Thanks Luke. I’m not still crying because that experience, as time past it became a good lesson about how to introduce myself into a new social and cultural environment. The lesson is: growing, improve yourself. Well understanding, it was my fall trying to speak out in English about something hard to explain. Language is more, much more, than a communication mean. And the meaning of the words is in the cultural system – not in their spelling or grammatical rules. But, don’t foolish yourself, the words are like containers: they are carrying a cultural meaning. If you can’t write or speak them correctly, then you will bring small or any meaning. Your container leaks the meaning on the way. I’m glad of to be welcomed in this Forum. Thanks again.

Fide
Fidel,
Your English is very good and I really love seeing non-native speakers write in English because it gives me insight into how their language works. I was really quite fluent in German a few years ago but lack of speaking opportunity has made me embarrassed to converse in that language so I understand your fears. You just say what you want to say the best way you can and I'm sure no one will ever make fun of you.
Amber
Thanks, Amber. My writing in English looks better because the text editor’s help. Anyway I have seen improvement. You are right, the opportunity of speaking is a critical issue about learning a second language. Of course, we can’t forget the “eternal coils” – genes –, and their plans. As younger you are, bigger your chances to learn a second language. You say something very interesting and deep: “...it gives me insight into how their language works.” It looks interesting for me because we think words. And words are all about actions, facts, and feeling. Recently I was writing a letter to my oldest grandson – who is 12 years old –, explaining him why it’s good deal go to school and learn. That is not an easy task if you are expecting a twelve years old child will read such a letter. It has to be a short, simple, and interesting letter for a child. And short, simple, and interesting don’t mix a lot.
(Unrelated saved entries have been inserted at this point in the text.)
(* Let $\widehat{\mathbf M}=(\hat{\mathbb X},\hat{\mathbb U},\mathbb Y,\hat x_0,\hat{\mathbf t},\hat h)$ and $\mathbf M=(\mathbb X,\mathbb U,\mathbb Y,x_0,\mathbf t,h)$ be gMDPs with $\widehat{\mathbf M}\preceq^\delta_0\mathbf M$ via relation $\mathcal R$, interface $\mathcal U_v$ and lifted kernel $\mathbb W_{\mathbf t}$, let $\psi$ be an scLTL formula with DFA $\mathcal A_\psi=(Q,q_0,\Sigma,F,\tau)$, and let $\mu:\hat{\mathbb X}\times Q\to\hat{\mathbb U}$ be a mapping. Let $V:\hat{\mathbb X}\times Q\to[0,1]$ and $V_{\|}:\hat{\mathbb X}\times\mathbb X\times Q\to[0,1]$ satisfy $V(\hat x,q)\le V_{\|}(\hat x,x,q)$ for all $(\hat x,x)\in\mathcal R$ and $q\in Q$. Then $$\mathbf T^\mu_\delta(V)(\hat x,q)\le\mathbf T^\mu(V_{\|})(\hat x,x,q)\qquad\forall(\hat x,x)\in\mathcal R,\ q\in Q,$$ where $\mathbf T^\mu_\delta$ is the $\delta$-robust operator with respect to $\widehat{\mathbf M}\otimes\mathcal A_\psi$ and $\mathbf T^\mu$ on the right is the Bellman operator with respect to $(\widehat{\mathbf M}\|_{\mathcal R}\mathbf M)\otimes\mathcal A_\psi$.
   Context: A gMDP is $(\mathbb X,\mathbb U,\mathbb Y,x_0,\mathbf t,h)$ with Polish state/input spaces, output space $\mathbb Y$ with metric $\mathbf d_{\mathbb Y}$, initial state, stochastic kernel $\mathbf t(\cdot\mid x,u)$ and measurable output map $h$. $\widehat{\mathbf M}\preceq^\delta_\epsilon\mathbf M$ means there exist an interface $\mathcal U_v:\hat{\mathbb U}\times\hat{\mathbb X}\times\mathbb X\to\mathcal P(\mathbb U)$, a measurable relation $\mathcal R\subseteq\hat{\mathbb X}\times\mathbb X$ and a Borel kernel $\mathbb W_{\mathbf t}(\cdot\mid\hat u,\hat x,x)$ on $\hat{\mathbb X}\times\mathbb X$ with $(\hat x_0,x_0)\in\mathcal R$ and, for all $(\hat x,x)\in\mathcal R$: $\mathbf d_{\mathbb Y}(\hat h(\hat x),h(x))\le\epsilon$, and for all $\hat u$, $\mathbb W=\mathbb W_{\mathbf t}(\cdot\mid\hat u,\hat x,x)$ has marginals $\hat{\mathbf t}(\cdot\mid\hat x,\hat u)$ on $\hat{\mathbb X}$ and $\mathbf t(\cdot\mid x,\mathcal U_v(\hat u,\hat x,x))$ on $\mathbb X$, and $\mathbb W(\mathcal R)\ge1-\delta$. The coupling gMDP $\widehat{\mathbf M}\|_{\mathcal R}\mathbf M$ has state space $\hat{\mathbb X}\times\mathbb X$, input space $\hat{\mathbb U}$, initial state $(\hat x_0,x_0)$, kernel $\mathbb W_{\mathbf t}$ and output map $(\hat x,x)\mapsto h(x)$. $\Sigma=2^{\mathsf{AP}}$, $\mathsf L:\mathbb Y\to\Sigma$ measurable labelling, $\mathcal A_\psi$ a DFA (accepting set $F$, transition $\tau:Q\times\Sigma\to Q$) for $\psi$. For a gMDP $\mathbf N$ with state space $\mathbb Z$, kernel $\mathbf t_{\mathbf N}$ and output map $h_{\mathbf N}$, the product $\mathbf N\otimes\mathcal A_\psi$ has states $\mathbb Z\times Q$ and kernel $\bar{\mathbf t}(dz'\times\{q'\}\mid z,q,u)=\mathbf 1_{\{q'\}}(\tau(q,\mathsf L(h_{\mathbf N}(z'))))\mathbf t_{\mathbf N}(dz'\mid z,u)$; its Bellman operator for an input map $\mu$ is $\mathbf T^\mu(V)(z,q)=\int\max\{\mathbf 1_F(q'),V(z',q')\}\bar{\mathbf t}(dz'\times\{q'\}\mid z,q,\mu)$ (on the coupling, the input $\mu(\hat x,q)$ depends only on the $\hat{\mathbb X}$-component). The $\delta$-robust operator is $\mathbf T^\mu_\delta(V)=\mathbf L(\mathbf T^\mu(V)-\delta)$ with $\mathbf L(r)=\min(1,\max(0,r))$. *)

theory Defs
  imports "HOL-Probability.Probability"
begin

text \<open>A gMDP (X, U, Y, x0, t, h): states and inputs are Polish spaces (type class
  polish_space, with their Borel sigma-algebras), outputs live in a metric space.  The initial state is just an element.\<close>

definition gMDP :: "('x::polish_space \<Rightarrow> 'u::polish_space \<Rightarrow> 'x measure) \<Rightarrow> ('x \<Rightarrow> 'y::metric_space) \<Rightarrow> bool" where
  "gMDP t h \<longleftrightarrow>
     (\<lambda>(x, u). t x u) \<in> borel \<rightarrow>\<^sub>M prob_algebra borel \<and> h \<in> borel_measurable borel"

definition kernel_mix :: "('x \<Rightarrow> 'u \<Rightarrow> 'x measure) \<Rightarrow> 'x \<Rightarrow> 'u measure \<Rightarrow> 'x measure" where
  "kernel_mix t x \<nu> = \<nu> \<bind> (\<lambda>u. t x u)"

definition approx_sim ::
  "real \<Rightarrow> real \<Rightarrow>
   ('xh::polish_space \<Rightarrow> 'uh::polish_space \<Rightarrow> 'xh measure) \<Rightarrow> ('xh \<Rightarrow> 'y::metric_space) \<Rightarrow> 'xh \<Rightarrow>
   ('x::polish_space \<Rightarrow> 'u::polish_space \<Rightarrow> 'x measure) \<Rightarrow> ('x \<Rightarrow> 'y) \<Rightarrow> 'x \<Rightarrow>
   ('uh \<Rightarrow> 'xh \<Rightarrow> 'x \<Rightarrow> 'u measure) \<Rightarrow> ('xh \<times> 'x) set \<Rightarrow>
   ('uh \<Rightarrow> 'xh \<Rightarrow> 'x \<Rightarrow> ('xh \<times> 'x) measure) \<Rightarrow> bool" where
  "approx_sim \<delta> \<epsilon> th hh xh0 t h x0 Uv R W \<longleftrightarrow>
     R \<in> sets (borel \<Otimes>\<^sub>M borel) \<and>
     (\<lambda>(uh, xh, x). W uh xh x) \<in> borel \<rightarrow>\<^sub>M prob_algebra (borel \<Otimes>\<^sub>M borel) \<and>
     (\<forall>uh xh x. Uv uh xh x \<in> space (prob_algebra borel)) \<and>
     (xh0, x0) \<in> R \<and>
     (\<forall>xh x. (xh, x) \<in> R \<longrightarrow>
        dist (hh xh) (h x) \<le> \<epsilon> \<and>
        (\<forall>uh. distr (W uh xh x) borel fst = th xh uh \<and>
              distr (W uh xh x) borel snd = kernel_mix t x (Uv uh xh x) \<and>
              measure (W uh xh x) R \<ge> 1 - \<delta>))"

text \<open>Z is the (Borel) measurable state space of N. Product N \<otimes> A_psi: kernel on Z \<times> Q,
  bar_t(dz' \<times> {q'} | z, q, u) = 1_{q'}(tau(q, L(h_N z'))) t_N(dz' | z, u).\<close>
definition prod_kernel ::
  "'z measure \<Rightarrow> ('z \<Rightarrow> 'u \<Rightarrow> 'z measure) \<Rightarrow> ('z \<Rightarrow> 'y) \<Rightarrow> ('y \<Rightarrow> 'ap set) \<Rightarrow> ('q \<Rightarrow> 'ap set \<Rightarrow> 'q) \<Rightarrow>
   'z \<Rightarrow> 'q \<Rightarrow> 'u \<Rightarrow> ('z \<times> 'q) measure" where
  "prod_kernel Z tN hN L \<tau> z q u =
     distr (tN z u) (Z \<Otimes>\<^sub>M count_space UNIV) (\<lambda>z'. (z', \<tau> q (L (hN z'))))"

definition bellman ::
  "'z measure \<Rightarrow> ('z \<Rightarrow> 'u \<Rightarrow> 'z measure) \<Rightarrow> ('z \<Rightarrow> 'y) \<Rightarrow> ('y \<Rightarrow> 'ap set) \<Rightarrow> ('q \<Rightarrow> 'ap set \<Rightarrow> 'q) \<Rightarrow> 'q set \<Rightarrow>
   ('z \<Rightarrow> 'q \<Rightarrow> 'u) \<Rightarrow> ('z \<Rightarrow> 'q \<Rightarrow> real) \<Rightarrow> 'z \<Rightarrow> 'q \<Rightarrow> real" where
  "bellman Z tN hN L \<tau> F \<mu> V z q =
     (\<integral>(z', q'). max (indicator F q') (V z' q') \<partial>(prod_kernel Z tN hN L \<tau> z q (\<mu> z q)))"

definition clip01 :: "real \<Rightarrow> real" where
  "clip01 r = min 1 (max 0 r)"

definition robust_bellman ::
  "real \<Rightarrow> 'z measure \<Rightarrow> ('z \<Rightarrow> 'u \<Rightarrow> 'z measure) \<Rightarrow> ('z \<Rightarrow> 'y) \<Rightarrow> ('y \<Rightarrow> 'ap set) \<Rightarrow> ('q \<Rightarrow> 'ap set \<Rightarrow> 'q) \<Rightarrow> 'q set \<Rightarrow>
   ('z \<Rightarrow> 'q \<Rightarrow> 'u) \<Rightarrow> ('z \<Rightarrow> 'q \<Rightarrow> real) \<Rightarrow> 'z \<Rightarrow> 'q \<Rightarrow> real" where
  "robust_bellman \<delta> Z tN hN L \<tau> F \<mu> V z q = clip01 (bellman Z tN hN L \<tau> F \<mu> V z q - \<delta>)"

definition coupling_kernel ::
  "('uh \<Rightarrow> 'xh \<Rightarrow> 'x \<Rightarrow> ('xh \<times> 'x) measure) \<Rightarrow> ('xh \<times> 'x) \<Rightarrow> 'uh \<Rightarrow> ('xh \<times> 'x) measure" where
  "coupling_kernel W = (\<lambda>(xh, x) uh. W uh xh x)"

definition coupling_output :: "('x \<Rightarrow> 'y) \<Rightarrow> ('xh \<times> 'x) \<Rightarrow> 'y" where
  "coupling_output h = (\<lambda>(xh, x). h x)"

end

theory Submission
  imports Defs
begin

text \<open>Both Bellman operators are integrals against the same lifted kernel: the abstract one
  because the first marginal of W is the abstract kernel, the coupled one by construction.
  With precision 0 the outputs, hence the automaton moves, agree on R, so the integrands
  are ordered on R; off R their difference is at most 1, and R has mass at least 1 - \<delta>.\<close>

definition reach_payoff :: "'q set \<Rightarrow> ('z \<Rightarrow> 'q \<Rightarrow> real) \<Rightarrow> 'z \<times> 'q \<Rightarrow> real" where
  "reach_payoff F V = (\<lambda>(z, q). max (indicator F q) (V z q))"

lemma reach_payoff_measurable:
  assumes "(\<lambda>(z, q). V z q) \<in> borel_measurable (Z \<Otimes>\<^sub>M count_space UNIV)"
  shows "reach_payoff F V \<in> borel_measurable (Z \<Otimes>\<^sub>M count_space UNIV)"
proof -
  have "(\<lambda>p. indicator F (snd p) :: real) \<in> borel_measurable (Z \<Otimes>\<^sub>M count_space UNIV)"
    by (rule measurable_compose[OF measurable_snd]) simp
  then show ?thesis
    unfolding reach_payoff_def using assms by measurable
qed

lemma reach_payoff_range:
  assumes "V z q \<in> {0..1}"
  shows "reach_payoff F V (z, q) \<in> {0..1}"
  using assms by (simp add: reach_payoff_def indicator_def)

lemma reach_payoff_mono:
  assumes "V z q \<le> V' z' q"
  shows "reach_payoff F V (z, q) \<le> reach_payoff F V' (z', q)"
  using assms by (simp add: reach_payoff_def)

lemma bellman_eq_integral:
  assumes "sets (tN z (\<mu> z q)) = sets Z"
    and "(\<lambda>z'. L (hN z')) \<in> Z \<rightarrow>\<^sub>M count_space UNIV"
    and "(\<lambda>(z', q'). V z' q') \<in> borel_measurable (Z \<Otimes>\<^sub>M count_space UNIV)"
  shows "bellman Z tN hN L \<tau> F \<mu> V z q =
    (\<integral>z'. reach_payoff F V (z', \<tau> q (L (hN z'))) \<partial>tN z (\<mu> z q))"
proof -
  have "(\<lambda>z'. \<tau> q (L (hN z'))) \<in> Z \<rightarrow>\<^sub>M count_space UNIV"
    using measurable_compose[OF assms(2) measurable_count_space] .
  then have "(\<lambda>z'. (z', \<tau> q (L (hN z')))) \<in> tN z (\<mu> z q) \<rightarrow>\<^sub>M Z \<Otimes>\<^sub>M count_space UNIV"
    unfolding measurable_cong_sets[OF assms(1) refl] by measurable
  then show ?thesis
    unfolding bellman_def prod_kernel_def
    by (simp add: integral_distr reach_payoff_measurable[OF assms(3)] reach_payoff_def[symmetric])
qed

lemma bellman_coupling_eq_integral:
  assumes "sets (W (\<mu> xh q) xh x) = sets (M1 \<Otimes>\<^sub>M M2)"
    and "(\<lambda>z. L (h z)) \<in> M2 \<rightarrow>\<^sub>M count_space UNIV"
    and "(\<lambda>(z, q). V z q) \<in> borel_measurable ((M1 \<Otimes>\<^sub>M M2) \<Otimes>\<^sub>M count_space UNIV)"
  shows "bellman (M1 \<Otimes>\<^sub>M M2) (coupling_kernel W) (coupling_output h) L \<tau> F
      (\<lambda>(xh', x') q'. \<mu> xh' q') V (xh, x) q =
    (\<integral>p. reach_payoff F V (p, \<tau> q (L (h (snd p)))) \<partial>W (\<mu> xh q) xh x)"
proof -
  have "(\<lambda>z. L (coupling_output h z)) \<in> M1 \<Otimes>\<^sub>M M2 \<rightarrow>\<^sub>M count_space UNIV"
    unfolding coupling_output_def split_beta using assms(2) by measurable
  with assms(1,3) show ?thesis
    by (subst bellman_eq_integral) (simp_all add: coupling_kernel_def coupling_output_def split_beta')
qed

lemma (in prob_space) integral_le_add_prob_compl:
  assumes "integrable M f" "integrable M g" "R \<in> events"
    and "\<And>x. x \<in> R \<Longrightarrow> f x \<le> g x"
    and "\<And>x. x \<in> space M \<Longrightarrow> f x \<le> g x + 1"
  shows "(\<integral>x. f x \<partial>M) \<le> (\<integral>x. g x \<partial>M) + (1 - prob R)"
proof -
  have compl: "integrable M (indicator (space M - R) :: _ \<Rightarrow> real)"
    using assms(3) by (intro integrable_real_indicator) (auto simp: less_top[symmetric])
  have "(\<integral>x. f x \<partial>M) \<le> (\<integral>x. g x + indicator (space M - R) x \<partial>M)"
  proof (rule integral_mono)
    show "integrable M (\<lambda>x. g x + indicator (space M - R) x)"
      using assms(2) compl by (rule Bochner_Integration.integrable_add)
    show "f x \<le> g x + indicator (space M - R) x" if "x \<in> space M" for x
      using assms(4,5) that by (cases "x \<in> R") auto
  qed (fact assms(1))
  also have "\<dots> = (\<integral>x. g x \<partial>M) + prob (space M - R)"
    using assms(2) compl by (simp add: Int_absorb2)
  also have "prob (space M - R) = 1 - prob R"
    using prob_compl[OF assms(3)] .
  finally show ?thesis .
qed

lemma coupling_integral_fst_le:
  assumes "prob_space W" "sets W = sets (M1 \<Otimes>\<^sub>M M2)" "R \<in> sets (M1 \<Otimes>\<^sub>M M2)"
    and "f \<in> borel_measurable M1" "g \<in> borel_measurable (M1 \<Otimes>\<^sub>M M2)"
    and "\<And>a. f a \<in> {0..1}" "\<And>p. g p \<in> {0..1}"
    and "\<And>a b. (a, b) \<in> R \<Longrightarrow> f a \<le> g (a, b)"
  shows "(\<integral>a. f a \<partial>distr W M1 fst) \<le> (\<integral>p. g p \<partial>W) + (1 - measure W R)"
proof -
  interpret prob_space W by (fact assms(1))
  have measurable_W: "measurable W N = measurable (M1 \<Otimes>\<^sub>M M2) N" for N
    by (rule measurable_cong_sets[OF assms(2) refl])
  have f_fst: "(\<lambda>p. f (fst p)) \<in> borel_measurable W"
    unfolding measurable_W using measurable_fst assms(4) by (rule measurable_compose)
  have g: "g \<in> borel_measurable W"
    unfolding measurable_W by (fact assms(5))
  have "(\<integral>a. f a \<partial>distr W M1 fst) = (\<integral>p. f (fst p) \<partial>W)"
    by (rule integral_distr) (simp_all add: measurable_W assms(4))
  also have "\<dots> \<le> (\<integral>p. g p \<partial>W) + (1 - measure W R)"
  proof (rule integral_le_add_prob_compl)
    show "integrable W (\<lambda>p. f (fst p))"
      using f_fst assms(6) by (intro integrable_const_bound[where B = 1] AE_I2) auto
    show "integrable W g"
      using g assms(7) by (intro integrable_const_bound[where B = 1] AE_I2) auto
    show "R \<in> events"
      using assms(2,3) by simp
    show "f (fst p) \<le> g p" if "p \<in> R" for p
      using assms(8)[of "fst p" "snd p"] that by simp
    show "f (fst p) \<le> g p + 1" for p
      using assms(6)[of "fst p"] assms(7)[of p] by simp
  qed
  finally show ?thesis .
qed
In some point I touched that idea after introducing him into a series of easy and simple questions (which is the eyes’ function, the legs’ function, why do we have teeth... and so on), facing him with a key question: which is the brain’s function, why do we have brain? Naturally, I gave him a twelve-years old answer – to think. There was the tricky, because we think words, and we have to learn them. So it means we learn to think? If we don’t learn, it means we don’t think? Why the cats, dogs, and horses have brain? The point I made is, we learn actions, attitudes, understanding reality through words. If we don’t know words we can’t learn from other people’s experience. So learning we are shaping better our behavior... and, eventually, our living chances. My son – Jonatan –, is a good boy.
I love reading and hearing English by people who learned as a second language. It forces me to think about what they mean. People who grew up speaking English often write or speak in a way that I think I understand them, but I really don't. Sometimes I think I really understand, and I really dind't at all. When the grammar carries with it memories of a different place, or the accent is not native, I have to try harder. I like that.
Welcome :)
Hi Fidel, welcome to this place.

It's remarkable that you come to an English language site to improve your English. Many Spanish-speaking immigrants usually hang out with other spanish speakers, which doesn't help much to improve their English. So, you have started with the right foot.

Oh, by the way, I'm also an immigrant. I came to the US on 2005. Life can be tough, but you might agree that it's better than in our countries.

Bienvenido y cualquier pregunta, hazla con confianza. Saludos.